• Aucun résultat trouvé

Malgré la pertinence de la méthodologie choisie pour réaliser le présent projet, soulignons que, peu importe les choix méthodologiques, des limites méthodologiques sont à prévoir. Dans ce

107 sens, c’est ici l’atteinte de la saturation théorique qui peut d’abord être nommée comme limite. En effet, en MTE, bien que ce soit l’atteinte de cette saturation qui détermine quand doit prendre fin le projet, il est reconnu qu’il est souvent difficile de déterminer si elle est atteinte ou non (Starks et Brown Trinidad, 2007). En fait, il y a toujours de nouveaux paramètres qui peuvent être ajoutés pour apporter de nouvelles nuances à la théorie émergente. Par exemple, pour le présent projet, les collègues d’autres disciplines des participantes auraient pu être rencontrés pour en savoir plus sur le partage de tâches entre chacun, mieux comprendre comment la perception des uns diffère ou ressemble à celle des autres, ou pour mieux documenter ce qui est entendu par des termes comme « réadaptation » ou « mandat de réadaptation ». S’être limité à des rencontres avec une seule catégorie d’acteurs sociaux impliqués dans la réadaptation en déficience physique limite donc la richesse de la théorie émergente.
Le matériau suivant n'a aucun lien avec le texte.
lemma ridge_resolvent_inverse:
  shows "ridge_resolvent X lam *v (Sigma_hat X *v x + lam *\<^sub>R x) = x"
    and "Sigma_hat X *v (ridge_resolvent X lam *v x) + lam *\<^sub>R (ridge_resolvent X lam *v x) = x"
proof -
  have "invertible (Sigma_hat X + lam *\<^sub>R mat 1)"
    by (rule invertible_psd_plus_scalar[OF Sigma_hat_psd lam_pos])
  note inv = invertible_matrix_inv[OF this, folded ridge_resolvent_def]
  have A: "Sigma_hat X *v y + lam *\<^sub>R y = (Sigma_hat X + lam *\<^sub>R mat 1) *v y" for y
    by (simp add: matrix_vector_mult_add_rdistrib flip: scaleR_matrix_vector_assoc)
  show "ridge_resolvent X lam *v (Sigma_hat X *v x + lam *\<^sub>R x) = x"
    and "Sigma_hat X *v (ridge_resolvent X lam *v x) + lam *\<^sub>R (ridge_resolvent X lam *v x) = x"
    unfolding A by (simp_all add: matrix_vector_mul_assoc inv)
qed

lemma transpose_ridge_resolvent: "transpose (ridge_resolvent X lam) = ridge_resolvent X lam"
  unfolding ridge_resolvent_def
  by (intro transpose_matrix_inv_symmetric invertible_psd_plus_scalar Sigma_hat_psd lam_pos)
    (simp add: transpose_add transpose_scalar transpose_Sigma_hat)

lemma ridge_gain_gram:
  "ridge_gain X lam ** transpose (ridge_gain X lam) = (1 / real CARD('n)) *\<^sub>R Omega_mat X lam"
proof -
  have "transpose (ridge_gain X lam) = (1 / real CARD('n)) *\<^sub>R (X ** ridge_resolvent X lam)"
    by (simp add: ridge_gain_def transpose_scalar matrix_transpose_mul transpose_ridge_resolvent)
  then show ?thesis
    by (simp add: Omega_mat_eq ridge_gain_def Sigma_hat_def matrix_mul_scaleR_right matrix_mul_assoc
        flip: scalar_matrix_assoc)
qed

lemma ridge_bias:
  "ridge_gain X lam *v (X *v b) - proj_rows X *v b
     = - lam *\<^sub>R (ridge_resolvent X lam *v (proj_rows X *v b))"
proof -
  define \<theta> where "\<theta> = proj_rows X *v b"
  have "ridge_gain X lam *v (X *v b)
      = ridge_resolvent X lam *v ((1 / real CARD('n)) *\<^sub>R (transpose X *v (X *v b)))"
    by (simp add: ridge_gain_def matrix_vector_mult_scaleR
        flip: scaleR_matrix_vector_assoc matrix_vector_mul_assoc)
  also have "\<dots> = ridge_resolvent X lam *v (Sigma_hat X *v \<theta>)"
    by (simp only: Sigma_hat_mult_vector \<theta>_def mult_proj_rows)
  also have "\<dots> = ridge_resolvent X lam *v (Sigma_hat X *v \<theta> + lam *\<^sub>R \<theta>)
      - lam *\<^sub>R (ridge_resolvent X lam *v \<theta>)"
    by (simp add: matrix_vector_right_distrib matrix_vector_mult_scaleR)
  also have "\<dots> = \<theta> - lam *\<^sub>R (ridge_resolvent X lam *v \<theta>)"
    by (simp only: ridge_resolvent_inverse)
  finally show ?thesis by (simp add: \<theta>_def)
qed

lemma ridge_resolvent_ker_orth:
  assumes "v \<in> ker_orth (Sigma_hat X)"
  shows "ridge_resolvent X lam *v v \<in> ker_orth (Sigma_hat X)"
  unfolding ker_orth_def
proof (intro CollectI allI impI)
  fix z assume "Sigma_hat X *v z = 0"
  then have "lam *\<^sub>R (ridge_resolvent X lam *v z) = z"
    using ridge_resolvent_inverse(1)[of z] by (simp add: matrix_vector_mult_scaleR)
  then have "lam * ((ridge_resolvent X lam *v v) \<bullet> z) = v \<bullet> z"
    by (metis inner_matrix_vector_transpose inner_scaleR_right transpose_ridge_resolvent)
  also have "\<dots> = 0"
    using assms \<open>Sigma_hat X *v z = 0\<close> by (simp add: ker_orth_def)
  finally show "(ridge_resolvent X lam *v v) \<bullet> z = 0" using lam_pos by simp
qed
Une deuxième limite méthodologique à souligner concerne les rencontres faites par voie électronique ou par téléphone, qui ont entraîné certains défis pratiques et éthiques. Au plan éthique, les défis étaient en lien avec des formulaires de consentement retournés par courriel ou par la poste parfois arrivés après la rencontre, et ceux retournés par courriel ne fournissant qu’une signature électronique. Au plan pratique, nous avons eu des difficultés techniques (connexions internet ou téléphoniques faibles ou peu fiables) et avions un accès limité au langage non-verbal. Nous avons surtout remarqué que ces difficultés faisaient en sorte que la gestion des tours de parole était difficile ; savoir quand l’autre voulait parler, quand l’idée était complète, ou quand le non-verbal apportait une nuance importante était alors un défi plus grand qu’en personne. Par contre, c’est aussi lors de l’analyse que la combinaison de ces difficultés a eu des répercussions, en complexifiant la transcription de certaines entrevues. Ces défis éthiques et pratiques entrainent donc des limites méthodologiques, tant en ayant limité l’accès à certaines

108 données lors des entrevues, qu’en ayant quelque peu limité la fiabilité des transcriptions et de leur analyse subséquente.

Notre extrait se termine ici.